Putri, anak pertama mereka yang dikenal pendiam namun bersemangat menuntut ilmu, berpulang setelah atap asrama Pondok Pesantren Salafiyah Syafi’iyah Syekh Abdul Qodir Jaelani Ra ambruk, Rabu (29/10/2025) dini hari.
Suasana rumah duka di Situbondo pagi itu terasa syahdu. Aroma bunga melati bercampur dengan isak tertahan para pelayat.
Di antara mereka, Wahyudi tampak duduk memandangi foto sang putri yang mengenakan seragam. Matanya merah, tapi suaranya tetap tegar ketika menceritakan detik-detik terakhir kabar yang ia terima dari pondok.
“Saya dikabari sekitar pukul 02.30 WIB. Katanya, Putri sudah dibawa ke rumah sakit,” ujarnya lirih. “Sampai di sana, anak saya cuma luka memar di kaki dan bagian belakang bahu. Katanya sempat muntah tiga kali, tapi tidak ada makanan atau darah. Anaknya sempat bilang kalau tidak sakit, cuma sedikit pegal.”tambah Wahyudi ayah Putri.
Putri dikenal sebagai anak yang tidak banyak bicara, namun tekadnya menempuh pendidikan selalu menjadi kebanggaan keluarga.
Wahyudi menatap kosong di depan rumah, sebelum akhirnya berucap dengan suara bergetar, “Bahkan saat sekolah SD harus berjalan kaki tanpa dibawakan uang saku, Putri tetap bersemangat. Dia itu anak yang kuat dan tidak mau menyusahkan orang tuanya.”katanya.
Di sisi lain, Rina, sang ibu, menahan tangis saat mengenang keseharian Putri. Baginya, kepergian sang buah hati adalah ujian yang tak mudah diterima.
“Putri anak pertama dari dua bersaudara. Sekarang duduk di kelas 1 SMP,” katanya pelan.
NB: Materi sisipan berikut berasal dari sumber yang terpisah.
(* Let $\lambda,\nu$ be partitions and $s$ a nonnegative integer with $|\nu|\le|\lambda|+s$ and $\mathrm{Std}^0_s(\nu\setminus\lambda)\ne\emptyset$, and suppose that $\mathsf t_{k\leftrightarrow k+1}$ exists for every $\mathsf t\in\mathrm{Std}^0_s(\nu\setminus\lambda)$ and every $1\le k\le s-1$. Then neither of the skew partitions $\nu\ominus(\lambda\cap\nu)$ and $\lambda\ominus(\lambda\cap\nu)$ contains two nodes in the same column.
   Context: $\lambda\cap\nu$ is the partition with parts $\min\{\lambda_i,\nu_i\}$; for $\alpha\subseteq\beta$, $\beta\ominus\alpha$ is the set difference of Young diagrams. $\pm\varepsilon_i$ ($i\ge1$) adds/removes a box in row $i$, $\varepsilon_0=0$. $\mathrm{Std}_s(\nu\setminus\lambda)$ is the set of sequences $\mathsf t=(-\varepsilon_{i_1},+\varepsilon_{j_1},\dots,-\varepsilon_{i_s},+\varepsilon_{j_s})$, $i_k,j_k\ge0$, such that with $\mathsf t(0)=\lambda$, $\mathsf t(k-\frac12)=\mathsf t(k-1)-\varepsilon_{i_k}$, $\mathsf t(k)=\mathsf t(k-\frac12)+\varepsilon_{j_k}$ all are partitions and $\mathsf t(s)=\nu$; $(-\varepsilon_{i_k},+\varepsilon_{j_k})$ is the $k$-th integral step. $\mathrm{Std}^0_s(\nu\setminus\lambda)$ is the subset of those with no integral step $(-\varepsilon_0,+\varepsilon_0)$ and with $\#\{k:i_k=i\}\le\lambda_i$ for every $i\ge1$. $\mathsf t_{k\leftrightarrow k+1}$ is the sequence obtained by interchanging the $k$-th and $(k+1)$-th integral steps; it exists if it lies in $\mathrm{Std}_s(\nu\setminus\lambda)$. *)

theory Defs
  imports Main
begin

text \<open>A partition is a function from rows to row lengths; rows are indexed by
  i \<ge> 1, the value at 0 is fixed to be 0 (so that \<epsilon>_0 = 0 is harmless).\<close>
definition is_partition :: "(nat \<Rightarrow> nat) \<Rightarrow> bool" where
  "is_partition p \<longleftrightarrow> p 0 = 0 \<and> (\<forall>i\<ge>1. p (Suc i) \<le> p i) \<and> finite {i. p i \<noteq> 0}"

definition young_diagram :: "(nat \<Rightarrow> nat) \<Rightarrow> (nat \<times> nat) set" where
  "young_diagram p = {(r, c). 1 \<le> r \<and> 1 \<le> c \<and> c \<le> p r}"

definition psize :: "(nat \<Rightarrow> nat) \<Rightarrow> nat" where
  "psize p = sum p {i. p i \<noteq> 0}"

definition pinter :: "(nat \<Rightarrow> nat) \<Rightarrow> (nat \<Rightarrow> nat) \<Rightarrow> (nat \<Rightarrow> nat)" where
  "pinter p q = (\<lambda>i. min (p i) (q i))"

definition skew :: "(nat \<Rightarrow> nat) \<Rightarrow> (nat \<Rightarrow> nat) \<Rightarrow> (nat \<times> nat) set" where
  "skew beta alpha = young_diagram beta - young_diagram alpha"

definition no_two_in_column :: "(nat \<times> nat) set \<Rightarrow> bool" where
  "no_two_in_column S \<longleftrightarrow> (\<forall>r1 r2 c. (r1, c) \<in> S \<longrightarrow> (r2, c) \<in> S \<longrightarrow> r1 = r2)"

text \<open>-\<epsilon>_i and +\<epsilon>_j, with \<epsilon>_0 = 0\<close>
definition remove_box :: "(nat \<Rightarrow> nat) \<Rightarrow> nat \<Rightarrow> (nat \<Rightarrow> nat)" where
  "remove_box p i = (if i = 0 then p else p(i := p i - 1))"

definition add_box :: "(nat \<Rightarrow> nat) \<Rightarrow> nat \<Rightarrow> (nat \<Rightarrow> nat)" where
  "add_box p j = (if j = 0 then p else p(j := p j + 1))"

text \<open>An integral step (i, j) stands for (-\<epsilon>_i, +\<epsilon>_j).  valid_path p t q: starting
  at p, every intermediate t(k-1/2), t(k) is a partition (removal of a box from an
  empty row is not allowed), ending at q.\<close>
fun valid_path :: "(nat \<Rightarrow> nat) \<Rightarrow> (nat \<times> nat) list \<Rightarrow> (nat \<Rightarrow> nat) \<Rightarrow> bool" where
  "valid_path p [] q \<longleftrightarrow> p = q"
| "valid_path p ((i, j) # t) q \<longleftrightarrow>
     (i = 0 \<or> 0 < p i) \<and> is_partition (remove_box p i) \<and>
     is_partition (add_box (remove_box p i) j) \<and>
     valid_path (add_box (remove_box p i) j) t q"

definition Std :: "nat \<Rightarrow> (nat \<Rightarrow> nat) \<Rightarrow> (nat \<Rightarrow> nat) \<Rightarrow> (nat \<times> nat) list set" where
  "Std s lam nu = {t. length t = s \<and> is_partition lam \<and> valid_path lam t nu}"

definition Std0 :: "nat \<Rightarrow> (nat \<Rightarrow> nat) \<Rightarrow> (nat \<Rightarrow> nat) \<Rightarrow> (nat \<times> nat) list set" where
  "Std0 s lam nu = {t \<in> Std s lam nu. (0, 0) \<notin> set t \<and>
      (\<forall>i\<ge>1. length (filter (\<lambda>st. fst st = i) t) \<le> lam i)}"

text \<open>t_{k<->k+1}: interchange the k-th and (k+1)-th integral steps (1-based k).\<close>
definition swap_steps :: "nat \<Rightarrow> (nat \<times> nat) list \<Rightarrow> (nat \<times> nat) list" where
  "swap_steps k t = t[k - 1 := t ! k, k := t ! (k - 1)]"

end

theory Submission
  imports Defs "HOL-Library.Multiset"
begin

text \<open>Adjacent interchanges preserve the multiset of integral steps, so under the
  hypothesis \<open>Std\<^sup>0\<close> is closed under them, and hence under every stable
  reordering that moves the steps of one kind to the front.  Move first all steps
  that add a box to row \<open>x + 1\<close> from another row: afterwards row \<open>x + 1\<close> already
  has at least \<open>\<nu>(x + 1)\<close> boxes while row \<open>x\<close> has at most \<open>\<lambda>(x)\<close>, and since
  the intermediate shape is a partition, \<open>\<nu>(x + 1) \<le> \<lambda>(x)\<close>.  Moving first the
  steps that remove a box from row \<open>x\<close> gives \<open>\<lambda>(x + 1) \<le> \<nu>(x)\<close> in the same way.
  These interlacing inequalities say that both skew diagrams are horizontal strips.\<close>

definition apply_step :: "(nat \<Rightarrow> nat) \<Rightarrow> nat \<times> nat \<Rightarrow> (nat \<Rightarrow> nat)" where
  "apply_step p st = add_box (remove_box p (fst st)) (snd st)"

definition swap_closed :: "(nat \<times> nat) list set \<Rightarrow> bool" where
  "swap_closed S \<longleftrightarrow> (\<forall>t\<in>S. \<forall>k. 1 \<le> k \<and> k < length t \<longrightarrow> swap_steps k t \<in> S)"

lemma partition_antimono:
  assumes "is_partition p" "1 \<le> a" "a \<le> b"
  shows "p b \<le> p a"
  using assms(3)
proof (induction b rule: dec_induct)
  case (step n)
  with assms(1,2) have "p (Suc n) \<le> p n" by (simp add: is_partition_def)
  with step show ?case by simp
qed simp

lemma mset_swap_steps:
  assumes "1 \<le> k" "k < length t"
  shows "mset (swap_steps k t) = mset t"
  using assms mset_swap[of k t "k - 1"] by (simp add: swap_steps_def)

lemma swap_steps_append:
  "swap_steps (Suc (length a)) (a @ x # y # zs) = a @ y # x # zs"
  by (simp add: swap_steps_def list_update_append nth_append)

lemma swap_closed_Std0:
  assumes "\<forall>t \<in> Std0 s lam nu. \<forall>k. 1 \<le> k \<and> k \<le> s - 1 \<longrightarrow> swap_steps k t \<in> Std s lam nu"
  shows "swap_closed (Std0 s lam nu)"
  unfolding swap_closed_def
proof (intro ballI allI impI)
  fix t k assume t: "t \<in> Std0 s lam nu" and k: "1 \<le> k \<and> k < length t"
  then have "swap_steps k t \<in> Std s lam nu" using assms by (auto simp: Std0_def Std_def)
  moreover have m: "mset (swap_steps k t) = mset t" using k by (simp add: mset_swap_steps)
  then have "set (swap_steps k t) = set t" by (metis set_mset_mset)
  moreover have "length (filter P (swap_steps k t)) = length (filter P t)" for P
    by (metis m mset_filter size_mset)
  ultimately show "swap_steps k t \<in> Std0 s lam nu" using t by (simp add: Std0_def)
qed

lemma swap_closed_move_right:
  assumes "swap_closed S"
  shows "a @ x # ys @ zs \<in> S \<Longrightarrow> a @ ys @ x # zs \<in> S"
proof (induction ys arbitrary: a)
  case (Cons y ys)
  have "swap_steps (Suc (length a)) (a @ x # y # ys @ zs) \<in> S"
    using assms Cons.prems by (simp add: swap_closed_def)
  then have "(a @ [y]) @ x # ys @ zs \<in> S" by (simp add: swap_steps_append)
  from Cons.IH[OF this] show ?case by simp
qed simp

lemma swap_closed_filter_append:
  assumes "swap_closed S"
  shows "a @ t \<in> S \<Longrightarrow> a @ filter P t @ filter (\<lambda>x. \<not> P x) t \<in> S"
proof (induction t arbitrary: a)
  case (Cons x t)
  then have "a @ x # filter P t @ filter (\<lambda>x. \<not> P x) t \<in> S"
    using Cons.IH[of "a @ [x]"] by simp
  then show ?case
    using swap_closed_move_right[OF assms, of a x "filter P t"] by simp
qed simp

lemma valid_path_append:
  "valid_path p (u @ v) q \<longleftrightarrow>
     valid_path p u (foldl apply_step p u) \<and> valid_path (foldl apply_step p u) v q"
proof (induction u arbitrary: p)
  case (Cons st u)
  then show ?case by (cases st) (simp add: apply_step_def)
qed simp

lemma valid_path_is_partition:
  "valid_path p t q \<Longrightarrow> is_partition p \<Longrightarrow> is_partition q"
  by (induction p t q rule: valid_path.induct) simp_all

lemma valid_path_row_le_gains:
  "valid_path p t q \<Longrightarrow> q x \<le> p x + length (filter (\<lambda>(i, j). j = x \<and> i \<noteq> x) t)"
proof (induction p t q rule: valid_path.induct)
  case (2 p i j t q)
  have "q x \<le> add_box (remove_box p i) j x + length (filter (\<lambda>(i, j). j = x \<and> i \<noteq> x) t)"
    using 2 by simp
  moreover have "add_box (remove_box p i) j x \<le> p x + (if j = x \<and> i \<noteq> x then 1 else 0)"
    using 2(2) by (auto simp: add_box_def remove_box_def)
  ultimately show ?case by auto
qed simp

lemma valid_path_row_le_losses:
  "valid_path p t q \<Longrightarrow> p x \<le> q x + length (filter (\<lambda>(i, j). i = x \<and> j \<noteq> x) t)"
proof (induction p t q rule: valid_path.induct)
  case (2 p i j t q)
  have "add_box (remove_box p i) j x \<le> q x + length (filter (\<lambda>(i, j). i = x \<and> j \<noteq> x) t)"
    using 2 by simp
  moreover have "p x \<le> add_box (remove_box p i) j x + (if i = x \<and> j \<noteq> x then 1 else 0)"
    using 2(2) by (auto simp: add_box_def remove_box_def)
  ultimately show ?case by auto
qed simp

lemma foldl_apply_step_gains:
  assumes "\<forall>st\<in>set u. snd st = x \<and> fst st \<noteq> x" "1 \<le> x"
  shows "foldl apply_step p u x = p x + length u \<and>
    (\<forall>y. y \<noteq> x \<longrightarrow> foldl apply_step p u y \<le> p y)"
  using assms(1)
proof (induction u arbitrary: p)
  case (Cons st u)
  have "apply_step p st x = p x + 1" "\<forall>y. y \<noteq> x \<longrightarrow> apply_step p st y \<le> p y"
    using Cons.prems assms(2) by (auto simp: apply_step_def add_box_def remove_box_def)
  with Cons.IH[of "apply_step p st"] Cons.prems show ?case by fastforce
qed simp

lemma foldl_apply_step_losses:
  assumes "\<forall>st\<in>set u. fst st = x \<and> snd st \<noteq> x" "1 \<le> x"
  shows "foldl apply_step p u x = p x - length u \<and>
    (\<forall>y. y \<noteq> x \<longrightarrow> p y \<le> foldl apply_step p u y)"
  using assms(1)
proof (induction u arbitrary: p)
  case (Cons st u)
  have "apply_step p st x = p x - 1" "\<forall>y. y \<noteq> x \<longrightarrow> p y \<le> apply_step p st y"
    using Cons.prems assms(2) by (auto simp: apply_step_def add_box_def remove_box_def)
  with Cons.IH[of "apply_step p st"] Cons.prems show ?case by fastforce
qed simp

lemma reorderable_path_interlace:
  assumes lam: "is_partition lam" and t: "valid_path lam t nu"
    and reorder: "\<And>P. valid_path lam (filter P t @ filter (\<lambda>x. \<not> P x) t) nu"
    and x: "1 \<le> x"
  shows "nu (Suc x) \<le> lam x" and "lam (Suc x) \<le> nu x"
proof -
  have prefix_partition: "is_partition (foldl apply_step lam (filter P t))" for P
    using reorder[of P] valid_path_is_partition[OF _ lam] unfolding valid_path_append by blast
  let ?u = "filter (\<lambda>(i, j). j = Suc x \<and> i \<noteq> Suc x) t"
  let ?m = "foldl apply_step lam ?u"
  have gains: "?m (Suc x) = lam (Suc x) + length ?u \<and> (\<forall>y. y \<noteq> Suc x \<longrightarrow> ?m y \<le> lam y)"
    by (intro foldl_apply_step_gains) auto
  have "nu (Suc x) \<le> ?m (Suc x)" using gains valid_path_row_le_gains[OF t] by simp
  also have "\<dots> \<le> ?m x" using partition_antimono[OF prefix_partition] x by simp
  also have "\<dots> \<le> lam x" using gains by simp
  finally show "nu (Suc x) \<le> lam x" .
  let ?v = "filter (\<lambda>(i, j). i = x \<and> j \<noteq> x) t"
  let ?n = "foldl apply_step lam ?v"
  have losses: "?n x = lam x - length ?v \<and> (\<forall>y. y \<noteq> x \<longrightarrow> lam y \<le> ?n y)"
    using x by (intro foldl_apply_step_losses) auto
  have "lam (Suc x) \<le> ?n (Suc x)" using losses by simp
  also have "\<dots> \<le> ?n x" using partition_antimono[OF prefix_partition] x by simp
  also have "\<dots> \<le> nu x" using losses valid_path_row_le_losses[OF t, of x] by simp
  finally show "lam (Suc x) \<le> nu x" .
qed

lemma no_two_in_column_skew_pinter:
  assumes "is_partition mu" and interlace: "\<And>x. 1 \<le> x \<Longrightarrow> nu (Suc x) \<le> mu x"
  shows "no_two_in_column (skew nu (pinter mu nu))"
proof -
  have False if "1 \<le> r1" "r1 < r2" "mu r1 < c" "c \<le> nu r2" for r1 r2 c
  proof -
    have "nu r2 \<le> mu (r2 - 1)" using interlace[of "r2 - 1"] that by simp
    also have "\<dots> \<le> mu r1" using partition_antimono[OF assms(1)] that by simp
    finally show False using that by simp
  qed
  then show ?thesis
    unfolding no_two_in_column_def skew_def pinter_def young_diagram_def
    by (auto simp: not_le) (metis linorder_neqE_nat)
qed

theorem lemma4p22:
  fixes lam nu :: "nat \<Rightarrow> nat" and s :: nat
  assumes "is_partition lam" and "is_partition nu"
    and "psize nu \<le> psize lam + s"
    and "Std0 s lam nu \<noteq> {}"
    and "\<forall>t \<in> Std0 s lam nu. \<forall>k. 1 \<le> k \<and> k \<le> s - 1 \<longrightarrow> swap_steps k t \<in> Std s lam nu"
  shows "no_two_in_column (skew nu (pinter lam nu)) \<and>
         no_two_in_column (skew lam (pinter lam nu))"
proof -
  obtain t where t: "t \<in> Std0 s lam nu" using assms(4) by blast
  have reorder: "valid_path lam (filter P t @ filter (\<lambda>x. \<not> P x) t) nu" for P
    using swap_closed_filter_append[OF swap_closed_Std0[OF assms(5)], of "[]" t P] t
    by (simp add: Std0_def Std_def)
  have path: "valid_path lam t nu" using t by (simp add: Std0_def Std_def)
  note interlace = reorderable_path_interlace[OF assms(1) path reorder]
  have "pinter lam nu = pinter nu lam" by (auto simp: pinter_def)
  then show ?thesis
    using no_two_in_column_skew_pinter[OF assms(1) interlace(1)]
      no_two_in_column_skew_pinter[OF assms(2) interlace(2)]
    by simp
qed

end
“Waktu dibawa ke dokter, cuma dibilang muntah tiga kali. Saya sempat tanya, kepalanya bagaimana? Katanya tidak apa-apa. Kami mohon doanya, semoga Putri husnul khatimah.”
Kabar duka ini tidak hanya mengguncang keluarga, tetapi juga seluruh warga pondok dan masyarakat sekitar. Kerabat, tetangga, dan pihak pesantren datang silih berganti memberikan dukungan dan doa.
Kini, kenangan tentang Putri hidup dalam cerita-cerita kecil tentang kesederhanaan dan ketegarannya. Gadis muda itu mungkin telah pergi, namun semangatnya tetap tertinggal—mengajarkan arti ketulusan dan keberanian bagi mereka yang ditinggalkan. (awi/ted)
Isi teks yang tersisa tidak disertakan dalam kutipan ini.